New Leaf Paper has made high-quality recycled paper since the 1990s in the hopes of inspiring a fundamental shift toward
environmental responsibility in the paper industry. But for a long time their product lines of coated, uncoated, and board grade papers were only offered wholesale, so even if their example was shining, their impact was subdued. As brand partners since 2007, the Willoughby Innovation Lab helped bring New Leaf to the mainstream, making it the first 100% recycled paper offered in major retailers like Office Depot.
NO SCREAMING GREEN
The majority of New Leaf Paper products use 100% post-consumer fiber, far higher than the industry standard of 30% post-consumer fiber found in most recycled products. Processing is chlorine-free, and in addition, New Leaf has another line of paper from Costa Rica that uses byproducts from banana and palm tree farming. Packaging also encourages consumers to recycle.

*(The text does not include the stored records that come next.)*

definition realizable_tree ::
  "('x \<Rightarrow> 'y) set \<Rightarrow> (bool list \<Rightarrow> 'x) \<Rightarrow> (bool list \<Rightarrow> bool \<Rightarrow> 'y) \<Rightarrow> enat \<Rightarrow> bool" where
  "realizable_tree H xl sl D \<longleftrightarrow>
     (\<forall>b::nat \<Rightarrow> bool. \<forall>n::nat. enat n \<le> D \<longrightarrow>
        (\<exists>h\<in>H. \<forall>t<n. h (xl (prefix_of b t)) = sl (prefix_of b t) (b t)))"

definition branch_loss ::
  "('y \<Rightarrow> 'y \<Rightarrow> real) \<Rightarrow> (bool list \<Rightarrow> bool \<Rightarrow> 'y) \<Rightarrow> enat \<Rightarrow> (nat \<Rightarrow> bool) \<Rightarrow> ennreal" where
  "branch_loss l sl D b = (\<Sum>t. if enat t < D
       then ennreal (l (sl (prefix_of b t) False) (sl (prefix_of b t) True)) else 0)"

definition D_onl :: "('y \<Rightarrow> 'y \<Rightarrow> real) \<Rightarrow> ('x \<Rightarrow> 'y) set \<Rightarrow> ennreal" where
  "D_onl l H = (SUP T \<in> {(xl, sl, D). realizable_tree H xl sl D}.
      (case T of (xl, sl, D) \<Rightarrow> INF b. branch_loss l sl D b))"

end

theory Submission
  imports Defs
begin

text \<open>Take the discrete metric on the reals and the class of indicator functions of single
  points of an infinite domain. Distinct members are at distance 1, so at every scale below the
  diameter 1 no finite subfamily covers the class and the entropy integral diverges. In a realizable
  Littlestone tree, let the adversary always follow the edge labelled 1. At a node with nonzero gap
  the two edge labels are 0 and 1, so the branch takes the edge labelled 1; this pins down the only
  point indicator consistent with the branch from then on, so no later node has a nonzero gap and
  the branch loses at most 1.\<close>

definition discrete_metric :: "'a \<Rightarrow> 'a \<Rightarrow> real" where
  "discrete_metric a b = (if a = b then 0 else 1)"
lemma lin_ext_mult_pair_tensor_rels: "f \<in> tensor_rels I \<Longrightarrow> lin_ext mult_pair f = 0"
  using lin_ext_tensor_rels[of "{0}" I mult_pair f]
  by (simp add: is_ideal_def mult_pair_def algebra_simps)

locale regular_pair = ideal_pair x y for x y :: "'a::idom" +
  assumes x_nonzero: "x \<noteq> 0"
    and y_regular: "\<And>r. r * y \<in> ideal_gen {x} \<Longrightarrow> r \<in> ideal_gen {x}"
begin

lemma y_regular_eq: "r * y = s * x \<Longrightarrow> \<exists>t. r = t * x"
  using y_regular[of r] unfolding ideal_gen_singleton by auto

lemma coefficients_mod_I:
  assumes "p * x + q * y = p' * x + q' * y"
  shows "p - p' \<in> I" "q - q' \<in> I"
proof -
  have eq: "(q - q') * y = (p' - p) * x" using assms by (simp add: algebra_simps)
  then obtain k where k: "q - q' = k * x" using y_regular_eq by blast
  then have "x * (p' - p) = x * (k * y)" using eq by (simp add: algebra_simps)
  then have "p' - p = k * y" using x_nonzero by simp
  then have "p - p' = (- k) * y" by (simp add: algebra_simps)
  then show "p - p' \<in> I" using ideal_mult_left[OF ideal_I y_in_I, of "- k"] by simp
  show "q - q' \<in> I" using k ideal_mult_left[OF ideal_I x_in_I] by simp
qed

New Leaf wanted to make its debut to a wider audience by creating
a 100% recycled line of notebooks equal in quality, paper brightness
and weight to virgin paper. Since there would be no discernable difference betwen the papers, the designers decided on a strategy of producing a stylish product that just happened to
be green. “Just because a notebook contains recycled paper doesn’t mean it has to
scream “THE WORLD WILL END IF YOU DON’T RECYCLE” across the front
cover,” says design director Zack Shubkagel. “A little subtlety goes a long way.”
BACK TO SCHOOL
Launching the new line put the team from Willoughby Innovation Lab in front of some of their most discerning consumers: Students aged 12-18. Working closely with New Leaf brand manager Winette Winston, the designers employed ethnographic studies and focus groups and the findings suggested that this age group was, in fact, not comfortable wearing
green on their sleeves. “They wished to quietly support a more
environmentally responsible product but feared blasting that to the
world on the cover of their notebooks,” says principal Ann Willoughby.
In designing the brand, the designers took a fashion approach: They eschewed “green” notebooks for normal-looking ones that happened to be eco-friendly, then added cool designs or different colors to stand out on the shelves. Taking the iconic black-and-white splotches of the traditional composition notebook, the designers reinterpreted it using a macro crop of a leaf’s veins. The leaf-pattern composition became a top seller at Office Depot.
While New Leaf’s products don’t overtly say green, the designers we able to play with the available graphic space on the notebooks to provide more information about its sustainable production. The designers used the inside front cover of all notebooks to deliver a consumer reinterpretation of New Leaf’s Eco-Audit, a set of facts and information previously provided to their wholesale business to designers and printers. “The consumer version puts the environmental savings into laymen’s terms and tries to communicate the abstract nature of recycling and post-consumer waste,” says Shubkagel. “This education serves to make consumers smarter, and encourages other products to be more accountable.”
It was Jeff Mendelsohn, founder and CEO of New Leaf Paper, who pushed the envelope even more in sourcing, forming a partnership with the the organic food company Annie’s Homegrown to repurpose its unused make-ready press
sheets from their packaging into the Foundspace line of journals. Detachable and reusable keychain rings allow for
easy disassembly and recycling of the book. The designers also added a reuse factor for notoriously one-timer stationery items with a new take on the traditional greeting card. The Karma Card has two lives, first as a greeting card, then–by perforating the cover of the card–the recipient can forward the card to another person as
Since the Office Depot launch in fall of 2007, and an additional launch at Whole Foods in summer 2008, New Leaf has gone head-to-head with mainstream brands. An extensive new line of New Leaf products launched nationwide in Target stores this month including social stationery, art paper, premium paper, back-to-school notebooks, journals, fashion notebooks, composition books and products like the Foundspace journals and Karma Cards–none of it employing the “green guilt” that the designers saw so often in competing categories sharing shelf space.
But for all its sustainable features, the price point for the New Leaf
comes in a bit higher than conventional papers–more fashion than commodity. While this presented a
challenge for the designers to deliver higher quality work at a lower budget, they took the opportunity to examine their own productivity and manage their
time more efficiently while working on the project. “More proof that you don’t have to sacrifice style and convenience to make responsible choices,” says Willoughby. “That’s our favorite part.”